Kenya’s public debt currently stands at around $60 billion (Sh6 trillion), or 63 per cent of the GDP, and while such warnings might sound foreign-based, local alarm bells have been ringing, but no one has paid attention.
The Parliamentary Budget Office (PBO) last week warned Kenya had breached the East Africa Community ceiling on debt accumulation after lawmakers voted to increase the debt ceiling to Sh9 trillion ($90 billion) in the 2019/2020 fiscal year.
SINGLE CURRENCY
The region’s target is that debt should not exceed 50 per cent of a country’s GDP, and the PBO was concerned that Kenya’s growing debt-to-GDP ratio had placed the country in a difficult position to comply with the regional agreement on attaining a single currency.
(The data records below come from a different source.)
lemma rhs_field_lipschitz_on_square:
  assumes "0 \<le> K"
  shows "\<exists>L. L-lipschitz_on ({-K..K} \<times> {-K..K}) rhs_field"
proof -
  define Ca where "Ca = (lam + 16 * sigB * K^3 + q * La) / gam_a"
  define Cs where "Cs = (lam + 16 * sigB * K^3 + q * Ls) / gam_s"
  have "Ca \<ge> 0" "Cs \<ge> 0"
    using assms lam_nonneg sigB_pos q_pos gam_a_pos gam_s_pos lipschitz_on_nonneg[OF lipschitz_beta_a]
      lipschitz_on_nonneg[OF lipschitz_beta_s]
    by (auto simp: Ca_def Cs_def)
  have "(2 * (Ca + Cs))-lipschitz_on ({-K..K} \<times> {-K..K}) rhs_field"
  proof (rule lipschitz_onI)
    fix p p' assume "p \<in> {-K..K} \<times> {-K..K}" "p' \<in> {-K..K} \<times> {-K..K}"
    then obtain a s a' s' where p: "p = (a, s)" "p' = (a', s')"
      and bounds: "\<bar>a\<bar> \<le> K" "\<bar>s\<bar> \<le> K" "\<bar>a'\<bar> \<le> K" "\<bar>s'\<bar> \<le> K"
      by (cases p, cases p') auto
    have sum: "\<bar>a - a'\<bar> + \<bar>s - s'\<bar> \<le> 2 * dist p p'"
      using dist_fst_le[of p p'] dist_snd_le[of p p'] by (simp add: p dist_real_def)
    have "dist (rhs_field p) (rhs_field p') \<le> \<bar>Ra a s - Ra a' s'\<bar> / gam_a + \<bar>Rs a s - Rs a' s'\<bar> / gam_s"
      using sqrt_sum_squares_le_sum gam_a_pos gam_s_pos
      by (simp add: rhs_field_def p dist_Pair_Pair dist_real_def flip: diff_divide_distrib)
    also have "\<dots> \<le> Ca * (\<bar>a - a'\<bar> + \<bar>s - s'\<bar>) + Cs * (\<bar>a - a'\<bar> + \<bar>s - s'\<bar>)"
      unfolding Ca_def Cs_def times_divide_eq_left using gam_a_pos gam_s_pos
      by (intro add_mono divide_right_mono rhs_a_diff_le rhs_s_diff_le bounds) auto
    also have "\<dots> = (Ca + Cs) * (\<bar>a - a'\<bar> + \<bar>s - s'\<bar>)"
      by (simp add: algebra_simps)
    also have "\<dots> \<le> 2 * (Ca + Cs) * dist p p'"
      using mult_left_mono[OF sum, of "Ca + Cs"] \<open>Ca \<ge> 0\<close> \<open>Cs \<ge> 0\<close>
      by (metis add_nonneg_nonneg mult.assoc mult.commute)
    finally show "dist (rhs_field p) (rhs_field p') \<le> 2 * (Ca + Cs) * dist p p'" .
  qed (use \<open>Ca \<ge> 0\<close> \<open>Cs \<ge> 0\<close> in simp)
  then show ?thesis ..
qed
“The country will no longer comply with the EAC convergence criteria, which it is a signatory to,” the PBO said in its submissions to the Parliamentary Committee on Delegated Legislation in Nairobi.
The raised ceiling will also increase debt repayment figures and undermine the credibility of the national budget, that was all set to reduce the debt-to-GDP ratio to 50.6 per cent in the 2019/2020 fiscal year.